# WORK TASK
So that nothing is lost, transcribe each line of the records exactly.

Source data

(* For every $n\ge 1$ and every Dyck path $D\in\mathcal{D}_n$, $\varphi(\psi(D))=\zeta(D)$, where $\zeta$ is the zeta map. In other words $\varphi\circ\psi=\zeta$.
   Context: A Dyck path of size $n$ is a lattice path from $(0,0)$ to $(n,n)$ with steps $\uparrow=(0,1)$ and $\rightarrow=(1,0)$ staying weakly above $y=x$; $\mathcal{D}_n$ is their set. Its area vector $(a_1,\dots,a_n)$ has $a_i$ equal to the number of full unit squares lying between the path and the diagonal $y=x$ in the row $i-1\le y\le i$ (area vectors are exactly the integer sequences with $a_1=0$, $0\le a_i\le a_{i-1}+1$, and determine the path). For a finite $S=\{x_1<\dots<x_n\}\subset\mathbb{R}$, $\preceq_S$ is the partial order on $[n]$ with $i\prec_S j$ iff $x_i+1<x_j$; a unit interval poset is a poset isomorphic to some $([n],\preceq_S)$ ($S$ is a starting set). $\psi$: for $D\in\mathcal{D}_n$ with area vector $(a_1,\dots,a_n)$, $\psi(D)$ is the poset on $[n]$ with $i\prec j$ iff either $a_i+2\le a_j$, or ($a_i+1=a_j$ and $i<j$); it is a unit interval poset. $\varphi$: for a unit interval poset $P$, choose a starting set $S$ of $P$ with $S\cap S^+=\varnothing$ where $S^+=\{x+1:x\in S\}$; write $S\cup S^+=\{y_1<\dots<y_{2n}\}$; $\varphi(P)$ is the Dyck path whose $i$-th step is $\uparrow$ if $y_i\in S$ and $\rightarrow$ otherwise (this is independent of the choice of $S$). Zeta map $\zeta:\mathcal{D}_n\to\mathcal{D}_n$ (Haglund's zeta map): for $D$ with area vector $(a_1,\dots,a_n)$, $\zeta(D)$ is the concatenation, for $\ell=0,1,2,\dots,\max_i a_i+1$ in this order, of the words obtained by scanning $j=1,2,\dots,n$ from left to right and writing $\uparrow$ whenever $a_j=\ell$ and $\rightarrow$ whenever $a_j=\ell-1$ (and nothing otherwise). *)

theory Defs
  imports Complex_Main
begin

# TASK RESPONSE
(* For every $n\ge 1$ and every Dyck path $D\in\mathcal{D}_n$, $\varphi(\psi(D))=\zeta(D)$, where $\zeta$ is the zeta map. In other words $\varphi\circ\psi=\zeta$.
   Context: A Dyck path of size $n$ is a lattice path from $(0,0)$ to $(n,n)$ with steps $\uparrow=(0,1)$ and $\rightarrow=(1,0)$ staying weakly above $y=x$; $\mathcal{D}_n$ is their set. Its area vector $(a_1,\dots,a_n)$ has $a_i$ equal to the number of full unit squares lying between the path and the diagonal $y=x$ in the row $i-1\le y\le i$ (area vectors are exactly the integer sequences with $a_1=0$, $0\le a_i\le a_{i-1}+1$, and determine the path). For a finite $S=\{x_1<\dots<x_n\}\subset\mathbb{R}$, $\preceq_S$ is the partial order on $[n]$ with $i\prec_S j$ iff $x_i+1<x_j$; a unit interval poset is a poset isomorphic to some $([n],\preceq_S)$ ($S$ is a starting set). $\psi$: for $D\in\mathcal{D}_n$ with area vector $(a_1,\dots,a_n)$, $\psi(D)$ is the poset on $[n]$ with $i\prec j$ iff either $a_i+2\le a_j$, or ($a_i+1=a_j$ and $i<j$); it is a unit interval poset. $\varphi$: for a unit interval poset $P$, choose a starting set $S$ of $P$ with $S\cap S^+=\varnothing$ where $S^+=\{x+1:x\in S\}$; write $S\cup S^+=\{y_1<\dots<y_{2n}\}$; $\varphi(P)$ is the Dyck path whose $i$-th step is $\uparrow$ if $y_i\in S$ and $\rightarrow$ otherwise (this is independent of the choice of $S$). Zeta map $\zeta:\mathcal{D}_n\to\mathcal{D}_n$ (Haglund's zeta map): for $D$ with area vector $(a_1,\dots,a_n)$, $\zeta(D)$ is the concatenation, for $\ell=0,1,2,\dots,\max_i a_i+1$ in this order, of the words obtained by scanning $j=1,2,\dots,n$ from left to right and writing $\uparrow$ whenever $a_j=\ell$ and $\rightarrow$ whenever $a_j=\ell-1$ (and nothing otherwise). *)

theory Defs
  imports Complex_Main
begin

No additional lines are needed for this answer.